A(nother) Take on Cloud: ‘Nothing to Worry About’

Although we’ve said on several occasions that cloud computing isn’t the revolutionary movement that many would have us believe, my visit to Cloud Expo this week really hammered home a point that could make many businesses breath a sigh of relief, so I thought I’d re-iterate it here.

When it comes to engaging with service providers, most organisations are really only interested in outcomes. The key question is: Does what is on offer here fulfil my requirements? A business wants to achieve a specific goal, and if a service provider meets certain criteria, it wins the business. How the service provider delivers the paid-for outcome is a factor to be included in the due diligence process but only insofar as delivery mechanisms meet the need.

Cloud computing changes absolutely nothing in this regard. If the service provider is using ‘bona fide cloud computing technology’ (whatever that means) in its data centre to help it deliver services with greater economies of scale, resilience, flexibility, and so forth, then so be it. Some customers will care, some will not.

This point became ever more clear to me yesterday at Cloud Expo because most service providers in attendance were offering hosting and/or managed services. The entire event would not have looked any different had it been called ‘Hosting Expo’.

And there’s the point. None of this really matters if all you care about is the outcome you want to achieve from a third party service provider. For practical purposes today it might be easier to consider ‘The Cloud’ as simply a consolidation term, an umbrella term under which all the different types of third party service providers that existed in more narrowly defined boxes in the past now live.
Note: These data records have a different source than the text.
(* The trace of the matrix $X_{\frac{m}{n}}(q)$ has the following expression in terms of the corresponding $q$-rational: $$ \textup{Tr}\left(X_{\frac{m}{n}}(q)\right)=q\,\mathcal{N}_{\frac{m}{n}}(q)^2+\mathcal{D}_{\frac{m}{n}}(q)^2, $$ where $\mathcal{N}_{\frac{m}{n}}(q)$ and $\mathcal{D}_{\frac{m}{n}}(q)$ are the numerator and denominator of the $q$-deformed rational $\left[\frac{m}{n}\right]_q$.
   Context: Let $\frac{m}{n}>1$ be a rational number with continued fraction expansion $\frac{m}{n}=[a_1,a_2,\ldots,a_k]$, $a_i\geq 1$, where $k$ is odd. Let $$ R_q=\begin{pmatrix} q&1\\ 0&1\end{pmatrix},\qquad L_q=\begin{pmatrix} q&0\\ q&1\end{pmatrix},\qquad X_0=\begin{pmatrix}0&0\\0&1\end{pmatrix}. $$ Set $A_q:=R_q^{a_1}L_q^{a_2}R_q^{a_3}L_q^{a_4}\cdots R_q^{a_k}$ and $A_q^T:=L_q^{a_k}R_q^{a_{k-1}}L_q^{a_{k-2}}\cdots L_q^{a_1}$ (the $q$-deformed transpose of $A_q$, not the ordinary transpose), and define $X_{\frac{m}{n}}(q):=A_q\,X_0\,A_q^T$. The $q$-deformed rational is $\left[\frac{m}{n}\right]_q=A_q\left(\frac{0}{1}\right)=\frac{\mathcal{N}_{\frac{m}{n}}(q)}{\mathcal{D}_{\frac{m}{n}}(q)}$ (action by fractional-linear transformations), with $\mathcal{N}_{\frac{m}{n}}$, $\mathcal{D}_{\frac{m}{n}}$ polynomials in $q$; equivalently the second column of $A_q$ is $(\mathcal{N}_{\frac{m}{n}}(q),\mathcal{D}_{\frac{m}{n}}(q))^T$ and the second row of $A_q^T$ is $(q\mathcal{N}_{\frac{m}{n}}(q),\mathcal{D}_{\frac{m}{n}}(q))$. *)

theory Defs
  imports "Jordan_Normal_Form.Matrix" "HOL-Computational_Algebra.Polynomial"
begin

definition qvar :: "int poly" where "qvar = [:0, 1:]"

definition Rq :: "int poly mat" where
  "Rq = mat_of_rows_list 2 [[qvar, 1], [0, 1]]"

definition Lq :: "int poly mat" where
  "Lq = mat_of_rows_list 2 [[qvar, 0], [qvar, 1]]"

definition X0 :: "int poly mat" where
  "X0 = mat_of_rows_list 2 [[0, 0], [0, 1]]"

fun cf_value :: "nat list \<Rightarrow> rat" where
  "cf_value [] = 0"
| "cf_value [a] = of_nat a"
| "cf_value (a # as) = of_nat a + 1 / cf_value as"

text \<open>A_q = R^a1 L^a2 R^a3 ... (the list index i is 0-based, so a_(i+1) = as ! i).\<close>
definition A_q :: "nat list \<Rightarrow> int poly mat" where
  "A_q as = foldr (*) (map (\<lambda>i. (if even i then Rq else Lq) ^\<^sub>m (as ! i)) [0..<length as]) (1\<^sub>m 2)"

text \<open>q-deformed transpose: A_q^T = L^ak R^a(k-1) L^a(k-2) ... L^a1 (k odd),
  i.e. the factors in reversed order with R and L exchanged.\<close>
definition A_qT :: "nat list \<Rightarrow> int poly mat" where
  "A_qT as = foldr (*) (map (\<lambda>i. (if even i then Lq else Rq) ^\<^sub>m (as ! i)) (rev [0..<length as])) (1\<^sub>m 2)"

definition X_q :: "nat list \<Rightarrow> int poly mat" where
  "X_q as = A_q as * X0 * A_qT as"

text \<open>Numerator and denominator of [m/n]_q = A_q(0/1): the second column of A_q.\<close>
definition qN :: "nat list \<Rightarrow> int poly" where "qN as = A_q as $$ (0, 1)"
definition qD :: "nat list \<Rightarrow> int poly" where "qD as = A_q as $$ (1, 1)"

definition trace2 :: "'a::plus mat \<Rightarrow> 'a" where
  "trace2 M = M $$ (0, 0) + M $$ (1, 1)"

end

theory Submission
  imports Defs
begin

text \<open>With \<open>D = diag(1, q)\<close> one has \<open>L\<^sub>q D = D R\<^sub>q\<^sup>T\<close> and \<open>R\<^sub>q D = D L\<^sub>q\<^sup>T\<close>.
  Since intertwining with \<open>D\<close> reverses products, the \<open>q\<close>-deformed transpose satisfies
  \<open>A\<^sub>q\<^sup>T D = D A\<^sub>q\<^sup>t\<close> (ordinary transpose \<open>t\<close>), and comparing second rows gives that
  the second row of \<open>A\<^sub>q\<^sup>T\<close> is \<open>(q N, D)\<close>.  As \<open>X\<^sub>0\<close> selects the second column of \<open>A\<^sub>q\<close>
  and the second row of \<open>A\<^sub>q\<^sup>T\<close>, the trace of \<open>A\<^sub>q X\<^sub>0 A\<^sub>q\<^sup>T\<close> is \<open>N \<cdot> q N + D \<cdot> D\<close>.\<close>

lemma foldr_mult_carrier_mat:
  "(\<And>M. M \<in> set Ms \<Longrightarrow> M \<in> carrier_mat n n) \<Longrightarrow> foldr (*) Ms (1\<^sub>m n) \<in> carrier_mat n n"
  by (induction Ms) (auto intro: mult_carrier_mat)

lemma foldr_mult_mat_eq_mult:
  fixes N :: "'a::semiring_1 mat"
  assumes "\<And>M. M \<in> set Ms \<Longrightarrow> M \<in> carrier_mat n n" and "N \<in> carrier_mat n n"
  shows "foldr (*) Ms N = foldr (*) Ms (1\<^sub>m n) * N"
  using assms
  by (induction Ms)
    (auto simp: foldr_mult_carrier_mat assoc_mult_mat[of _ n n _ n _ n] left_mult_one_mat[of _ n n])

lemma pow_mat_Suc_left:
  fixes A :: "'a::semiring_1 mat"
  assumes "A \<in> carrier_mat n n"
  shows "A ^\<^sub>m Suc k = A * A ^\<^sub>m k"
proof (induction k)
  case (Suc k)
  have "A ^\<^sub>m Suc (Suc k) = A ^\<^sub>m Suc k * A"
    by (rule pow_mat.simps(2))
  also have "\<dots> = (A * A ^\<^sub>m k) * A"
    by (simp only: Suc)
  also have "\<dots> = A * A ^\<^sub>m Suc k"
    using assms by (simp only: assoc_mult_mat[of _ n n _ n _ n] pow_carrier_mat pow_mat.simps(2))
  finally show ?case .
qed (use assms in simp)

lemma mult_intertwine_transpose:
  fixes S :: "'a::comm_semiring_1 mat"
  assumes carrier: "S \<in> carrier_mat n n" "M\<^sub>1 \<in> carrier_mat n n" "M\<^sub>2 \<in> carrier_mat n n"
      "N\<^sub>1 \<in> carrier_mat n n" "N\<^sub>2 \<in> carrier_mat n n"
    and "N\<^sub>1 * S = S * transpose_mat M\<^sub>1" and "N\<^sub>2 * S = S * transpose_mat M\<^sub>2"
  shows "N\<^sub>1 * N\<^sub>2 * S = S * transpose_mat (M\<^sub>2 * M\<^sub>1)"
proof -
  have "N\<^sub>1 * N\<^sub>2 * S = N\<^sub>1 * S * transpose_mat M\<^sub>2"
    using carrier assms(7) by (simp add: assoc_mult_mat[of _ n n _ n _ n])
  also have "\<dots> = S * (transpose_mat M\<^sub>1 * transpose_mat M\<^sub>2)"
    using carrier assms(6) by (simp add: assoc_mult_mat[of _ n n _ n _ n])
  also have "\<dots> = S * transpose_mat (M\<^sub>2 * M\<^sub>1)"
    using carrier by (simp add: transpose_mult)
  finally show ?thesis .
qed

lemma pow_mat_intertwine_transpose:
  fixes S :: "'a::comm_semiring_1 mat"
  assumes carrier: "S \<in> carrier_mat n n" "M \<in> carrier_mat n n" "N \<in> carrier_mat n n"
    and "N * S = S * transpose_mat M"
  shows "N ^\<^sub>m k * S = S * transpose_mat (M ^\<^sub>m k)"
proof (induction k)
  case (Suc k)
  have "N ^\<^sub>m k * N * S = S * transpose_mat (M * M ^\<^sub>m k)"
    using carrier assms(4) Suc.IH by (intro mult_intertwine_transpose) auto
  then show ?case
    using pow_mat_Suc_left[OF carrier(2), of k] by simp
qed (use carrier in simp)

lemma foldr_rev_intertwine_transpose:
  fixes S :: "'a::comm_semiring_1 mat"
  assumes "S \<in> carrier_mat n n"
    and "\<And>x. x \<in> set xs \<Longrightarrow> f x \<in> carrier_mat n n \<and> g x \<in> carrier_mat n n \<and>
      g x * S = S * transpose_mat (f x)"
  shows "foldr (*) (rev (map g xs)) (1\<^sub>m n) * S = S * transpose_mat (foldr (*) (map f xs) (1\<^sub>m n))"
  using assms(2)
proof (induction xs)
  case (Cons x xs)
  have "foldr (*) (rev (map g (x # xs))) (1\<^sub>m n) = foldr (*) (rev (map g xs)) (g x)"
    using Cons.prems by (simp add: right_mult_one_mat[of _ n n])
  also have "\<dots> = foldr (*) (rev (map g xs)) (1\<^sub>m n) * g x"
    using Cons.prems by (intro foldr_mult_mat_eq_mult) auto
  finally have "foldr (*) (rev (map g (x # xs))) (1\<^sub>m n) * S
      = foldr (*) (rev (map g xs)) (1\<^sub>m n) * g x * S"
    by simp
  also have "\<dots> = S * transpose_mat (f x * foldr (*) (map f xs) (1\<^sub>m n))"
  proof (intro mult_intertwine_transpose)
    show "foldr (*) (map f xs) (1\<^sub>m n) \<in> carrier_mat n n"
      "foldr (*) (rev (map g xs)) (1\<^sub>m n) \<in> carrier_mat n n"
      using Cons.prems by (auto intro!: foldr_mult_carrier_mat)
  qed (use assms(1) Cons in auto)
  finally show ?case
    by simp
qed (use assms(1) in simp)

lemma mat_of_rows_list_2_carrier [simp]: "mat_of_rows_list 2 [[a, b], [c, d]] \<in> carrier_mat 2 2"
  unfolding mat_of_rows_list_def carrier_mat_def by simp

lemma mat_of_rows_list_2_index [simp]:
  "i < 2 \<Longrightarrow> j < 2 \<Longrightarrow> mat_of_rows_list 2 [[a, b], [c, d]] $$ (i, j) = [[a, b], [c, d]] ! i ! j"
  unfolding mat_of_rows_list_def by simp

lemma mult_mat_2_index:
  assumes "A \<in> carrier_mat 2 2" "B \<in> carrier_mat 2 2" "i < 2" "j < 2"
  shows "(A * B) $$ (i, j) = A $$ (i, 0) * B $$ (0, j) + A $$ (i, 1) * B $$ (1, j)"
  using assms by (simp add: scalar_prod_def numeral_2_eq_2)

lemma mult_carrier_mat_2 [simp]:
  "A \<in> carrier_mat 2 2 \<Longrightarrow> B \<in> carrier_mat 2 2 \<Longrightarrow> A * B \<in> carrier_mat 2 2"
  by (rule mult_carrier_mat)

lemma transpose_mat_2_index [simp]:
  "A \<in> carrier_mat 2 2 \<Longrightarrow> i < 2 \<Longrightarrow> j < 2 \<Longrightarrow> transpose_mat A $$ (i, j) = A $$ (j, i)"
  by simp

lemma mat_2_eqI:
  assumes "A \<in> carrier_mat 2 2" "B \<in> carrier_mat 2 2"
    and "A $$ (0, 0) = B $$ (0, 0)" "A $$ (0, 1) = B $$ (0, 1)"
    and "A $$ (1, 0) = B $$ (1, 0)" "A $$ (1, 1) = B $$ (1, 1)"
  shows "A = B"
  using assms by (intro eq_matI) (auto simp: less_2_cases_iff)

definition diag_q :: "int poly mat" where
  "diag_q = mat_of_rows_list 2 [[1, 0], [0, qvar]]"

lemma Rq_carrier [simp]: "Rq \<in> carrier_mat 2 2"
  and Lq_carrier [simp]: "Lq \<in> carrier_mat 2 2"
  and X0_carrier [simp]: "X0 \<in> carrier_mat 2 2"
  and diag_q_carrier [simp]: "diag_q \<in> carrier_mat 2 2"
  by (simp_all only: Rq_def Lq_def X0_def diag_q_def mat_of_rows_list_2_carrier)

lemma Lq_diag_q: "Lq * diag_q = diag_q * transpose_mat Rq"
  unfolding Lq_def Rq_def diag_q_def
  by (rule mat_2_eqI) (simp_all add: mult_mat_2_index del: index_mult_mat)

lemma Rq_diag_q: "Rq * diag_q = diag_q * transpose_mat Lq"
  unfolding Lq_def Rq_def diag_q_def
  by (rule mat_2_eqI) (simp_all add: mult_mat_2_index del: index_mult_mat)

lemma trace2_mult_X0_mult:
  assumes "A \<in> carrier_mat 2 2" "B \<in> carrier_mat 2 2"
  shows "trace2 (A * X0 * B) = A $$ (0, 1) * B $$ (1, 0) + A $$ (1, 1) * B $$ (1, 1)"
  using assms unfolding X0_def by (simp add: trace2_def mult_mat_2_index del: index_mult_mat)

lemma A_q_carrier [simp]: "A_q as \<in> carrier_mat 2 2"
  and A_qT_carrier [simp]: "A_qT as \<in> carrier_mat 2 2"
  unfolding A_q_def A_qT_def by (auto intro!: foldr_mult_carrier_mat)

lemma A_qT_diag_q: "A_qT as * diag_q = diag_q * transpose_mat (A_q as)"
proof -
  define f where "f = (\<lambda>i. (if even i then Rq else Lq) ^\<^sub>m (as ! i))"
  define g where "g = (\<lambda>i. (if even i then Lq else Rq) ^\<^sub>m (as ! i))"
  have "f i \<in> carrier_mat 2 2 \<and> g i \<in> carrier_mat 2 2 \<and>
      g i * diag_q = diag_q * transpose_mat (f i)" for i
    using pow_mat_intertwine_transpose[OF diag_q_carrier Rq_carrier Lq_carrier Lq_diag_q]
      pow_mat_intertwine_transpose[OF diag_q_carrier Lq_carrier Rq_carrier Rq_diag_q]
    by (simp add: f_def g_def)
  then have "foldr (*) (rev (map g [0..<length as])) (1\<^sub>m 2) * diag_q
      = diag_q * transpose_mat (foldr (*) (map f [0..<length as]) (1\<^sub>m 2))"
    by (intro foldr_rev_intertwine_transpose) simp_all
  then show ?thesis
    unfolding A_q_def A_qT_def f_def g_def by (simp only: rev_map)
qed

lemma A_qT_second_row:
  "A_qT as $$ (1, 0) = qvar * qN as"
  "A_qT as $$ (1, 1) = qD as"
proof -
  have entry: "(A_qT as * diag_q) $$ (1, j) = (diag_q * transpose_mat (A_q as)) $$ (1, j)" for j
    by (simp only: A_qT_diag_q)
  show "A_qT as $$ (1, 0) = qvar * qN as"
    using entry[of 0] unfolding diag_q_def qN_def
    by (simp add: mult_mat_2_index del: index_mult_mat)
  have "qvar * A_qT as $$ (1, 1) = qvar * qD as"
    using entry[of 1] unfolding diag_q_def qD_def
    by (simp add: mult_mat_2_index mult.commute del: index_mult_mat)
  then show "A_qT as $$ (1, 1) = qD as"
    by (simp add: qvar_def)
qed

theorem proposition1:
  fixes m n :: nat and as :: "nat list"
  assumes "n > 0" and "of_nat m / of_nat n > (1::rat)"
    and "\<forall>a \<in> set as. a \<ge> 1"
    and "odd (length as)"
    and "cf_value as = of_nat m / of_nat n"
  shows "trace2 (X_q as) = qvar * (qN as)^2 + (qD as)^2"
proof -
  \<comment> \<open>The identity holds for every exponent list; the hypotheses only tie \<open>as\<close> to \<open>m / n\<close>.\<close>
  have "trace2 (X_q as) = A_q as $$ (0, 1) * A_qT as $$ (1, 0) + A_q as $$ (1, 1) * A_qT as $$ (1, 1)"
    unfolding X_q_def by (simp add: trace2_mult_X0_mult)
  also have "\<dots> = qN as * (qvar * qN as) + qD as * qD as"
    by (simp only: A_qT_second_row qN_def qD_def)
  finally show ?thesis
    by (simp add: power2_eq_square)
qed

end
Sure, there is more to it than that, but only if you care about details beyond what you are actually paying for. For example, virtualisation technology allows service providers to offer up ever more specific services to suit lots of different performance, scalability and price point requirements. But this is the difference between ‘what’, and ‘how’, and there is currently far too much mixing up of the two, which is counterproductive to say the least.

Back to third party service providers, then: The effect of ‘cloud’ is greater choice to the customer in terms of what’s on offer and how it is sourced, paid for and used. But nothing has fundamentally changed. Despite so many providers claiming that because something carries a certain label, it must be good, everything you ever knew about using third party service providers remains as important – nay – more important, than ever before.